One 8.5 x 11 sheet of paper with notes on both sides allowed.
Covers topics in first half of the course,
including
readings,
lectures
and
assignments.
That is, covers
Search (Chapters 3.1 - 3.6, 4.1, 5.1 - 5.3, and 6.1 - 6.3),
and some Machine Learning (Chapters 18.1, 18.2, 18.6.3, 18.6.4, 18.7, and 18.9)
The following readings were assigned but will not be covered in
the exam: Chapters 1 and 2.
You are responsible for topics covered in lecture even if there
are no lecture notes on the topic.
Also, you are responsible for topics
covered in the readings, except those explicitly excluded,
even if they were not covered in class or in the lecture notes.
A summary of topics is given HERE.
- Final Examination
Wednesday, May 16, 2:45 p.m. - 4:45 p.m., room 168 Noland
Closed book. Not cumulative -- covers topics since the midterm exam though will also
refer back to basic concepts from the first half of the course. One 8.5 x 11 sheet of paper
with notes on both sides allowed.
Bring a calculator.
Emphasizes topics since the Midterm Examination including
readings,
lectures
and
assignments.
That is, covers
readings (Russell and Norvig chapters
7.1, 7.3 - 7.5, 8.1 - 8.3, 13, 14.1, 14.2, 14.4, 15.1 - 15.3, 18.3, 18.4, and 23.5)
and the required papers on
HMMs and Eigenfaces.
The paper on Bayesian Networks is recommended but not required.
You are responsible for topics covered in lecture even if there
are no lecture notes on the topic.
You should have knowledge sufficient
to work through simple examples using the algorithms covered in class
including
decision trees, entropy, information gain, Ockham's razor, overfitting,
k-fold cross-validation, leave-one-out cross-validation,
basic probability, uncertainty reasoning, full joint probability distribution,
marginalization, summing out, conditioning rule, product rule, chain rule, conditionalized version of chain rule,
Bayes's rule, conditionalized version of Bayes's rule, independence, conditional independence,
Bayesian networks, inference by enumeration, Naive Bayes,
Markov model, Hidden Markov model, speech recognition, language model, acoustic model,
face recognition using eigenfaces,
propositional logic, interpretation, model, entailment, valid, tautology, unsatisfiable, contradiction,
soundness, completeness, inference rules, modus ponens, resolution rule of inference,
monotonicity property, deductive inference by enumeration (truth table construction, model checking),
natural deduction algorithm, resolution refutation algorithm, conjunctive normal form,
clause, Horn clause, literal, forward chaining, backward chaining, generalized modus ponens rule of inference,
first-order logic, universal quantification, existential quantification.

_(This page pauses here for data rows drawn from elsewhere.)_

lemma turn_of_row_spec:
  assumes "(H, V) \<in> perm_states n" "i \<in> {1..n}"
  shows "turn_of_row H n i \<in> {1..n}" "is_turn H i (turn_of_row H n i)"
    and "\<And>j. j \<in> {1..n} \<Longrightarrow> is_turn H i j \<longleftrightarrow> j = turn_of_row H n i"
proof -
  have "card (row_turns H n i) = 1" using assms by (simp add: perm_states_def)
  then obtain x where x: "row_turns H n i = {x}" by (rule card_1_singletonE)
  then have "turn_of_row H n i = x"
    unfolding turn_of_row_def by (intro the_equality) (auto simp: row_turns_def set_eq_iff)
  then show "turn_of_row H n i \<in> {1..n}" "is_turn H i (turn_of_row H n i)"
    and "\<And>j. j \<in> {1..n} \<Longrightarrow> is_turn H i j \<longleftrightarrow> j = turn_of_row H n i"
    using x by (auto simp: row_turns_def set_eq_iff)
qed

lemma perm_of_state_in_permutations:
  assumes "(H, V) \<in> perm_states n"
  shows "perm_of_state n H \<in> permutations_of_set {1..n}"
proof -
  have inj: "inj_on (turn_of_row H n) {1..n}"
  proof (rule inj_onI)
    fix i i' assume i: "i \<in> {1..n}" "i' \<in> {1..n}" "turn_of_row H n i = turn_of_row H n i'"
    have "card (col_turns H n (turn_of_row H n i)) = 1"
      using assms turn_of_row_spec(1)[OF assms i(1)] by (simp add: perm_states_def)
    moreover have "i \<in> col_turns H n (turn_of_row H n i)" "i' \<in> col_turns H n (turn_of_row H n i)"
      using turn_of_row_spec(2)[OF assms i(1)] turn_of_row_spec(2)[OF assms i(2)] i by (auto simp: col_turns_def)
    ultimately show "i = i'" by (auto simp: card_1_singleton_iff)
  qed
  moreover have "turn_of_row H n ` {1..n} = {1..n}"
    using endo_inj_surj[OF _ _ inj] turn_of_row_spec(1)[OF assms] by blast
  ultimately show ?thesis
    by (simp add: perm_of_state_def permutations_of_set_def distinct_map atLeastLessThanSuc_atLeastAtMost
        del: upt_Suc)
qed

lemma perm_H_perm_of_state:
  assumes "(H, V) \<in> perm_states n"
  shows "perm_H n (perm_of_state n H) = H"
proof -
  have dw: "(H, V) \<in> dw_states n" using assms by (simp add: perm_states_def)
  have "H (i, j) = (j < turn_of_row H n i)" if i: "i \<in> {1..n}" and "j \<le> n" for i j
    using \<open>j \<le> n\<close>
  proof (induction j)
    case 0
    then show ?case using dw_statesD(1)[OF dw i] turn_of_row_spec(1)[OF assms i] by auto
  next
    case (Suc j)
    then have "H (i, j) \<noteq> H (i, Suc j) \<longleftrightarrow> Suc j = turn_of_row H n i"
      using turn_of_row_spec(3)[OF assms i, of "Suc j"] by (simp add: is_turn_def)
    then show ?case using Suc by auto
  qed
  then show ?thesis
    using PiE_arb[OF dw_statesD(6)[OF dw]]
    by (auto simp: fun_eq_iff perm_H_def hedges_def turn_col_perm_of_state)
qed
(* Let $G=(A,B;E)$ be the incidence graph of a finite set $A$ of points and a finite set $B$ of open axis-parallel rectangles in $\mathbb{R}^2$, and let $k$ be a positive integer. Then $G\otimes k$ is isomorphic to the incidence graph of some finite set of points and some finite set of open axis-parallel rectangles in $\mathbb{R}^2$.
   Context: The incidence graph of points $P$ and rectangles $\mathcal{R}$ is the bipartite graph with classes $P$, $\mathcal{R}$, where $p$ and $R$ are adjacent iff $p\in R$. For a bipartite graph $G=(A,B;E)$ and positive integer $k$, $G\otimes k$ is the bipartite graph with vertex classes $A\times[k]$ and $(B\times[k])\cup A'$, where $A'$ is a disjoint copy of $A$; $(u,i)\in A\times[k]$ and $(v,j)\in B\times[k]$ are adjacent iff $i=j$ and $\{u,v\}\in E$; $(u,i)\in A\times[k]$ and $v\in A'$ are adjacent iff $v$ is the copy of $u$; there are no other edges. *)

theory Defs
  imports Main "HOL.Real"
begin

type_synonym point = "real \<times> real"

definition open_rect :: "point set \<Rightarrow> bool" where
  "open_rect R \<longleftrightarrow> (\<exists>a b c d. a < b \<and> c < d \<and> R = {a<..<b} \<times> {c<..<d})"

(* A bipartite graph is given by its two vertex classes A, B and an
   adjacency relation E between A and B.  The incidence graph of points P
   and rectangles \<R> is (P, \<R>, \<lambda>p R. p \<in> R). *)
definition incidence :: "point \<Rightarrow> point set \<Rightarrow> bool" where
  "incidence p R \<longleftrightarrow> p \<in> R"

(* G \<otimes> k for G = (A,B;E): classes A \<times> [k] and (B \<times> [k]) \<union> A',
   where the disjoint union is modelled by the sum type (Inl for B \<times> [k],
   Inr for the copy A' of A). *)
definition tensorA :: "'a set \<Rightarrow> nat \<Rightarrow> ('a \<times> nat) set" where
  "tensorA A k = A \<times> {1..k}"

definition tensorB :: "'a set \<Rightarrow> 'b set \<Rightarrow> nat \<Rightarrow> (('b \<times> nat) + 'a) set" where
  "tensorB A B k = Inl ` (B \<times> {1..k}) \<union> Inr ` A"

A summary of topics is given HERE.
The exam will focus on material since the midterm.
Questions may, however, refer
back to issues brought up before the midterm, however, so you should
refresh your memory about the main ideas and methods from the
material associated with the midterm examination.
For example, you should be able to relate general search questions to
the topics in this part of the course (e.g., what is the search
space and what is the search method).